09 April 2008

Soy Moratorium Working to Protect Amazon

Lisa Raffensperger
Earth Trends - Mon, 2008-04-07 00:32
Original URL

Amazon rainforest cleared for soybean plantingIn July 2006, Brazil's biggest soy traders enacted a two-year moratorium on soybeans grown in newly deforested areas of the Amazon. It was groundbreaking for the way in which it was accomplished--rather than Brazil's government enforcing the ban, it was NGOs and giant soybean buyers that pressured the change. Now, a new report says the market approach seems to be working. Researchers found no soybeans in large areas of the Amazon cleared between August 2006 and August 2007--which means, at a broad glance, that more rainforest isn't being cut down to grow soybeans.

Soybean croplands in Brazil have been expanding for decades, but the most dramatic rise has been in the last six years (see Figure 1). Brazil is now second only to the United States in soybean production, and is the world leader in soybean exports. A large portion of these exports are directed to Europe where they serve as animal feed.

Figure 1. Area of Soybean Cultivation, Brazil, U.S., and World

Graph of Area of Soybean Cultivation, Brazil, U.S., and World

Source: EarthTrends, 2008 using data from FAOSTAT, 2008

Like other forms of unregulated agriculture in Brazil, rapidly expanding soybean cultivation threatens the tropical rainforest. However, the threat of soybeans to the Amazon is distinctly different from the slash-and-burn agriculture and cattle ranching that predated it and that still continue.

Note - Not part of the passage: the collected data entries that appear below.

lemma sum_card_neighbours_le:
  assumes "simple_graph V E" "finite W"
  shows "(\<Sum>u\<in>W. card {v \<in> W. {u, v} \<in> E}) \<le> 2 * card (edges_within E W)"
proof -
  define ends where "ends e = {p \<in> e \<times> e. {fst p, snd p} = e}" for e :: "'a set"
  have fin: "finite (edges_within E W)"
    using simple_graph_finite_edges[OF assms(1)] by (simp add: edges_within_def)
  have "finite (ends e)" "card (ends e) \<le> 2" if "e \<in> edges_within E W" for e
  proof -
    have "e \<in> E"
      using that by (simp add: edges_within_def)
    then obtain a b where "e = {a, b}"
      using simple_graph_edgeE[OF assms(1)] by metis
    then have "ends e \<subseteq> {(a, b), (b, a)}"
      by (auto simp: ends_def doubleton_eq_iff)
    moreover have "card {(a, b), (b, a)} \<le> 2"
      by (cases "a = b") auto
    ultimately show "finite (ends e)" "card (ends e) \<le> 2"
      using card_mono[of "{(a, b), (b, a)}" "ends e"] by (auto intro: finite_subset)
  qed
  note ends = this
  have "(\<Sum>u\<in>W. card {v \<in> W. {u, v} \<in> E}) = card (SIGMA u:W. {v \<in> W. {u, v} \<in> E})"
    using assms(2) by simp
  also have "\<dots> \<le> card (\<Union>e\<in>edges_within E W. ends e)"
    using fin ends(1) by (intro card_mono) (auto simp: edges_within_def ends_def)
  also have "\<dots> \<le> (\<Sum>e\<in>edges_within E W. card (ends e))"
    using fin by (rule card_UN_le)
  also have "\<dots> \<le> (\<Sum>e\<in>edges_within E W. 2)"
    using ends(2) by (rule sum_mono)
  finally show ?thesis by simp
qed

lemma minimal_non_colourable_subgraph:
  assumes "simple_graph V E" "\<not> colourable E V j"
  obtains W where "W \<subseteq> V" "j + 1 \<le> card W" "j * card W \<le> 2 * card (edges_within E W)"
proof -
  obtain W where W: "W \<subseteq> V" "\<not> colourable E W j"
    and min: "\<And>Y. Y \<subseteq> V \<Longrightarrow> \<not> colourable E Y j \<Longrightarrow> card W \<le> card Y"
    using ex_has_least_nat[of "\<lambda>W. W \<subseteq> V \<and> \<not> colourable E W j" V card] assms(2) by blast
  have fin: "finite W"
    using W(1) assms(1) finite_subset simple_graph_finite_vertices by blast
  have "\<not> card W \<le> j"
    using colourable_card[OF assms(1) W(1)] W(2) by blast
  then have "j + 1 \<le> card W"
    by simp
  moreover have "j \<le> card {v \<in> W. {u, v} \<in> E}" if "u \<in> W" for u
  proof (rule ccontr)
    have "colourable E (W - {u}) j"
      using min[of "W - {u}"] W(1) card_Diff1_less[OF fin that] by fastforce
    then show "\<not> j \<le> card {v \<in> W. {u, v} \<in> E} \<Longrightarrow> False"
      using colourable_extend_low_degree[OF assms(1) fin] W(2) by auto
  qed
  then have "j * card W \<le> (\<Sum>u\<in>W. card {v \<in> W. {u, v} \<in> E})"
    using sum_mono[of W "\<lambda>_. j"] by (simp add: mult.commute)
  then have "j * card W \<le> 2 * card (edges_within E W)"
    using sum_card_neighbours_le[OF assms(1) fin] by linarith
  ultimately show ?thesis
    using that W(1) by blast
qed

lemma edges_within_subset_complete_edges:
  "simple_graph V E \<Longrightarrow> edges_within E W \<subseteq> complete_edges W"
  by (auto simp: edges_within_def complete_edges_def elim!: simple_graph_edgeE)

lemma edges_within_clique:
  assumes "simple_graph V E" "complete_edges K \<subseteq> E"
  shows "edges_within E K = complete_edges K"
proof
  show "edges_within E K \<subseteq> complete_edges K"
    by (rule edges_within_subset_complete_edges[OF assms(1)])
  show "complete_edges K \<subseteq> edges_within E K"
    using assms(2) by (auto simp: edges_within_def complete_edges_def)
qed

section \<open>Odd closed walks and odd cycles\<close>

lemma symp_relpowp: "symp R \<Longrightarrow> (R ^^ n) x y \<Longrightarrow> (R ^^ n) y x"
proof (induction n arbitrary: y)
  case (Suc n)
  then obtain z where "(R ^^ n) x z" "R z y"
    by (meson relpowp_Suc_E)
  with Suc show ?case
    by (meson relpowp_Suc_I2 sympD)
qed simp

lemma relpowp_walk_segment:
  assumes "\<forall>k<n. R (f k) (f (Suc k))" "i \<le> j" "j \<le> n"
  shows "(R ^^ (j - i)) (f i) (f j)"
proof -
  have "\<forall>k<j - i. R (f (i + k)) (f (Suc (i + k)))"
    using assms by simp
  then show ?thesis
    unfolding relpowp_fun_conv using assms(2) by (intro exI[of _ "\<lambda>k. f (i + k)"]) auto
qed

lemma symp_adj: "symp (adj E)"
  by (simp add: symp_def adj_def insert_commute)

text \<open>Colour each vertex by the parity of its distance from a fixed root.\<close>
lemma colourable_2_if_no_odd_closed_walk:
  assumes "connected_graph V E" "\<And>n v. odd n \<Longrightarrow> \<not> (adj E ^^ n) v v"
  shows "colourable E V 2"
proof -
  obtain r where r: "r \<in> V"
    using assms(1) unfolding connected_graph_def by blast
  define dist where "dist v = (LEAST n. (adj E ^^ n) r v)" for v
  have dist: "(adj E ^^ dist v) r v" if "v \<in> V" for v
  proof -
    have "\<exists>n. (adj E ^^ n) r v"
      using assms(1) r that unfolding connected_graph_def rtranclp_power by blast
    then show ?thesis
      unfolding dist_def by (rule LeastI_ex)
  qed
  have "dist u mod 2 \<noteq> dist v mod 2" if "u \<in> V" "v \<in> V" "{u, v} \<in> E" for u v
  proof
    assume same: "dist u mod 2 = dist v mod 2"
    have "(adj E ^^ Suc (dist u)) r v"
      using dist[OF that(1)] that(3) by (auto simp: adj_def)
    moreover have "(adj E ^^ dist v) v r"
      using symp_relpowp[OF symp_adj dist[OF that(2)]] .
    ultimately have "(adj E ^^ (Suc (dist u) + dist v)) r r"
      by (rule relpowp_trans)
    moreover have "odd (Suc (dist u) + dist v)"
      using same by presburger
    ultimately show False
      using assms(2) by blast
  qed
  then show ?thesis
    unfolding colourable_def by (intro exI[of _ "\<lambda>v. dist v mod 2"]) auto
qed

text \<open>A shortest odd closed walk is an odd cycle: a repeated vertex would split it into two shorter
  closed walks, one of which is odd.\<close>
lemma odd_cycle_if_odd_closed_walk:
  assumes "simple_graph V E" "odd k" "(adj E ^^ k) u u"
  obtains m c where "1 \<le> m" "inj_on c {..<2 * m + 1}" "cycle_edges (2 * m + 1) c \<subseteq> E"
proof -
  define closed where "closed l \<longleftrightarrow> odd l \<and> (\<exists>w. (adj E ^^ l) w w)" for l
  define n where "n = (LEAST l. closed l)"
  have "closed n" "\<And>l. closed l \<Longrightarrow> n \<le> l"
    using assms(2,3) LeastI[of closed k] Least_le[of closed] by (auto simp: n_def closed_def)
  then obtain v where n: "odd n" "(adj E ^^ n) v v"
    and shortest: "\<And>l w. odd l \<Longrightarrow> (adj E ^^ l) w w \<Longrightarrow> n \<le> l"
    unfolding closed_def by blast
  then obtain c where c: "c 0 = v" "c n = v" "\<forall>i<n. adj E (c i) (c (Suc i))"
    using relpowp_fun_conv by metis
  have seg: "(adj E ^^ (j - i)) (c i) (c j)" if "i \<le> j" "j \<le> n" for i j
    using relpowp_walk_segment[where R = "adj E" and f = c] c(3) that by blast
  have "n \<noteq> 1"
    using n(2) simple_graph_edgeD(3)[OF assms(1), of v v] by (auto simp: adj_def)
  then have n3: "3 \<le> n"
    using n(1) by presburger
  have "inj_on c {..<n}"
  proof (rule inj_onI, rule ccontr)
    fix i j assume "i \<in> {..<n}" "j \<in> {..<n}" "c i = c j" "i \<noteq> j"
    then obtain i j where ij: "i < j" "j < n" "c i = c j"
      by (metis lessThan_iff linorder_neqE_nat)
    have "(adj E ^^ (n - j)) (c j) (c 0)" "(adj E ^^ i) (c 0) (c i)"
      using seg[of j n] seg[of 0 i] ij c(1,2) by simp_all
    then have "(adj E ^^ (n - j + i)) (c j) (c i)"
      by (rule relpowp_trans)
    moreover have "(adj E ^^ (j - i)) (c i) (c i)"
      using seg[of i j] ij by simp
    moreover have "odd (j - i) \<or> odd (n - j + i)"
      using n(1) ij by presburger
    ultimately show False
      using shortest ij by fastforce
  qed
  moreover have "cycle_edges n c \<subseteq> E"
  proof
    fix e assume "e \<in> cycle_edges n c"
    then obtain i where i: "i < n" "e = {c i, c (Suc i mod n)}"
      unfolding cycle_edges_def by blast
    moreover have "c (Suc i mod n) = c (Suc i)"
      using c(1,2) i(1) by (cases "Suc i = n") auto
    ultimately show "e \<in> E"
      using c(3) by (simp add: adj_def)
  qed
  moreover have "n = 2 * (n div 2) + 1" "1 \<le> n div 2"
    using n(1) n3 by presburger+
  ultimately show ?thesis
    using that by metis
qed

The difference, Greenpeace says, is in the business model. There are two main features that are fostering the rapid expansion of soybean farming:

  • Land seizures are large. Farmers aren't smallholders, as has historically been the case, but are deforesting thousands of acres at a time using heavy equipment and many workers.
  • Farmers are backed by heavyweight corporations. The companies who've agreed to the moratorium--U.S.-based Cargill, Archer Daniels Midland, and Bunge--provide 60% of the financing for Brazil's soybeans. These international giants prop up Brazilian farmers, Greenpeace argues, by ensuring access to cheap credit, providing seeds and chemicals, and guaranteeing markets for their harvests. It's these incentives and resources that allow farmers to clear huge parcels of land or buy occupied land and clear it. In addition, these private corporations are funding infrastructure expansion, especially roads, through the Amazon, which encourages farmers to move into virgin areas of forest.

According to Greenpeace, in 2004-2005, only 5% of Brazil's total soybean crops were planted in the Amazon. But there is great potential for expansion, given the infrastructure already in place. And ultimately, this 5% was enough for overseas buyers of Cargill's soybeans, including McDonald's, to pressure the company to accept the two-year moratorium.

An Unspoken Contributor

However, another force at work in the deforestation lull could be recent soybean prices. Soybeans are selling for three times more than their 2001 low, and more than double what they were just two years ago. So, a reprieve from deforestation to plant soybeans in 2006 may not hold under 2008 prices.

Research bears out this correlation. A study of deforestation from 2001 to 2004 in Mato Grosso state, Brazil--a focus region of the moratorium, since 90% of rainforest soybeans are grown there--found that the rate of deforestation was directly correlated with the price of soybeans (see Figure 2).

Figure 2. Deforestation and Soybean Price

Graph of Deforestation and Soybean Price

(Data for 2005 were a preliminary estimate)
Source: EarthTrends, 2008 using data from Morton, et al., 2006

The steeply rising price of soybeans may present a challenge to the continued success of the moratorium. Overall Amazon deforestation is rising again, after declining for three straight years. So whether soybean farmers will still cultivate existing cropland, rather than burning down forest and selling to corporations outside the moratorium, remains to be seen.